__Exercise instructions__
Word for word, set down the listing that appears after this line.

-- Opening Marker --

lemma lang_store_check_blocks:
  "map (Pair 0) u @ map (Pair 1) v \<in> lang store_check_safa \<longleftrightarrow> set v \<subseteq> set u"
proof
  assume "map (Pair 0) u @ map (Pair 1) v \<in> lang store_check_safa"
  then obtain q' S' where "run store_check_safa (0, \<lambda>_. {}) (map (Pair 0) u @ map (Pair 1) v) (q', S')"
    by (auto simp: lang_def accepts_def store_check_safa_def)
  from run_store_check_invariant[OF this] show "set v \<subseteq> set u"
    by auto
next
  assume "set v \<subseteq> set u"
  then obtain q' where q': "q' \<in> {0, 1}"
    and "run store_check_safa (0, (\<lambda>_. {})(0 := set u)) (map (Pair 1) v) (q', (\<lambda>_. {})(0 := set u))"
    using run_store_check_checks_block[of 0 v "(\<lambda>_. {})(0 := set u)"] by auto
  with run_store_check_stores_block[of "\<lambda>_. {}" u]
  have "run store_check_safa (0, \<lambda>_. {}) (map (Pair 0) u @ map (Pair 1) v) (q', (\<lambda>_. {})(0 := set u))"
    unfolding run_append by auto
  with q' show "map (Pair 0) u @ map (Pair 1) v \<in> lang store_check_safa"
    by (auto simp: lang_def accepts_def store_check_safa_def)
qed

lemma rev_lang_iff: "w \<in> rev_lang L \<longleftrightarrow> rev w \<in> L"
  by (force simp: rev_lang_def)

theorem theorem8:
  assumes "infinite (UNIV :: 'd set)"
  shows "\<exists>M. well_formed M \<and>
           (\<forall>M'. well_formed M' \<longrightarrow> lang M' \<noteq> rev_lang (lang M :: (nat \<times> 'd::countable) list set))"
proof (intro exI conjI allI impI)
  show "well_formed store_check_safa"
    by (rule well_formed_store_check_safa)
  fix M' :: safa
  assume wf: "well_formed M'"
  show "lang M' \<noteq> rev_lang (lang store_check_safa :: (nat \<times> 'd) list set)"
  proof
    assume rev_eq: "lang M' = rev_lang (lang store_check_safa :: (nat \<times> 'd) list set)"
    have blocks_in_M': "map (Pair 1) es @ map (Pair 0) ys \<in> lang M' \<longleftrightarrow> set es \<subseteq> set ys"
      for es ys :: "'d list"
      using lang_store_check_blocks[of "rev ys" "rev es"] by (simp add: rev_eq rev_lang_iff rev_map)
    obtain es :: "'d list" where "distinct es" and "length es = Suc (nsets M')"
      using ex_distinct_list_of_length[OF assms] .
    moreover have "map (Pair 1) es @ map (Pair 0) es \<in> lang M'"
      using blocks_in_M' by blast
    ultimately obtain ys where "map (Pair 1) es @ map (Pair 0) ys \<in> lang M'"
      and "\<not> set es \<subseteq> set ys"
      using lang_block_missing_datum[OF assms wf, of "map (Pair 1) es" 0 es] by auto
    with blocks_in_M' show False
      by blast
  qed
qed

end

-- Closing Marker --

__Solution__
lemma lang_store_check_blocks:
  "map (Pair 0) u @ map (Pair 1) v \<in> lang store_check_safa \<longleftrightarrow> set v \<subseteq> set u"
proof
  assume "map (Pair 0) u @ map (Pair 1) v \<in> lang store_check_safa"
  then obtain q' S' where "run store_check_safa (0, \<lambda>_. {}) (map (Pair 0) u @ map (Pair 1) v) (q', S')"
    by (auto simp: lang_def accepts_def store_check_safa_def)
  from run_store_check_invariant[OF this] show "set v \<subseteq> set u"
    by auto
next
  assume "set v \<subseteq> set u"
  then obtain q' where q': "q' \<in> {0, 1}"
    and "run store_check_safa (0, (\<lambda>_. {})(0 := set u)) (map (Pair 1) v) (q', (\<lambda>_. {})(0 := set u))"
    using run_store_check_checks_block[of 0 v "(\<lambda>_. {})(0 := set u)"] by auto
  with run_store_check_stores_block[of "\<lambda>_. {}" u]
  have "run store_check_safa (0, \<lambda>_. {}) (map (Pair 0) u @ map (Pair 1) v) (q', (\<lambda>_. {})(0 := set u))"
    unfolding run_append by auto
  with q' show "map (Pair 0) u @ map (Pair 1) v \<in> lang store_check_safa"
    by (auto simp: lang_def accepts_def store_check_safa_def)
qed

lemma rev_lang_iff: "w \<in> rev_lang L \<longleftrightarrow> rev w \<in> L"
  by (force simp: rev_lang_def)

theorem theorem8:
  assumes "infinite (UNIV :: 'd set)"
  shows "\<exists>M. well_formed M \<and>
           (\<forall>M'. well_formed M' \<longrightarrow> lang M' \<noteq> rev_lang (lang M :: (nat \<times> 'd::countable) list set))"
proof (intro exI conjI allI impI)
  show "well_formed store_check_safa"
    by (rule well_formed_store_check_safa)
  fix M' :: safa
  assume wf: "well_formed M'"
  show "lang M' \<noteq> rev_lang (lang store_check_safa :: (nat \<times> 'd) list set)"
  proof
    assume rev_eq: "lang M' = rev_lang (lang store_check_safa :: (nat \<times> 'd) list set)"
    have blocks_in_M': "map (Pair 1) es @ map (Pair 0) ys \<in> lang M' \<longleftrightarrow> set es \<subseteq> set ys"
      for es ys :: "'d list"
      using lang_store_check_blocks[of "rev ys" "rev es"] by (simp add: rev_eq rev_lang_iff rev_map)
    obtain es :: "'d list" where "distinct es" and "length es = Suc (nsets M')"
      using ex_distinct_list_of_length[OF assms] .
    moreover have "map (Pair 1) es @ map (Pair 0) es \<in> lang M'"
      using blocks_in_M' by blast
    ultimately obtain ys where "map (Pair 1) es @ map (Pair 0) ys \<in> lang M'"
      and "\<not> set es \<subseteq> set ys"
      using lang_block_missing_datum[OF assms wf, of "map (Pair 1) es" 0 es] by auto
    with blocks_in_M' show False
      by blast
  qed
qed

end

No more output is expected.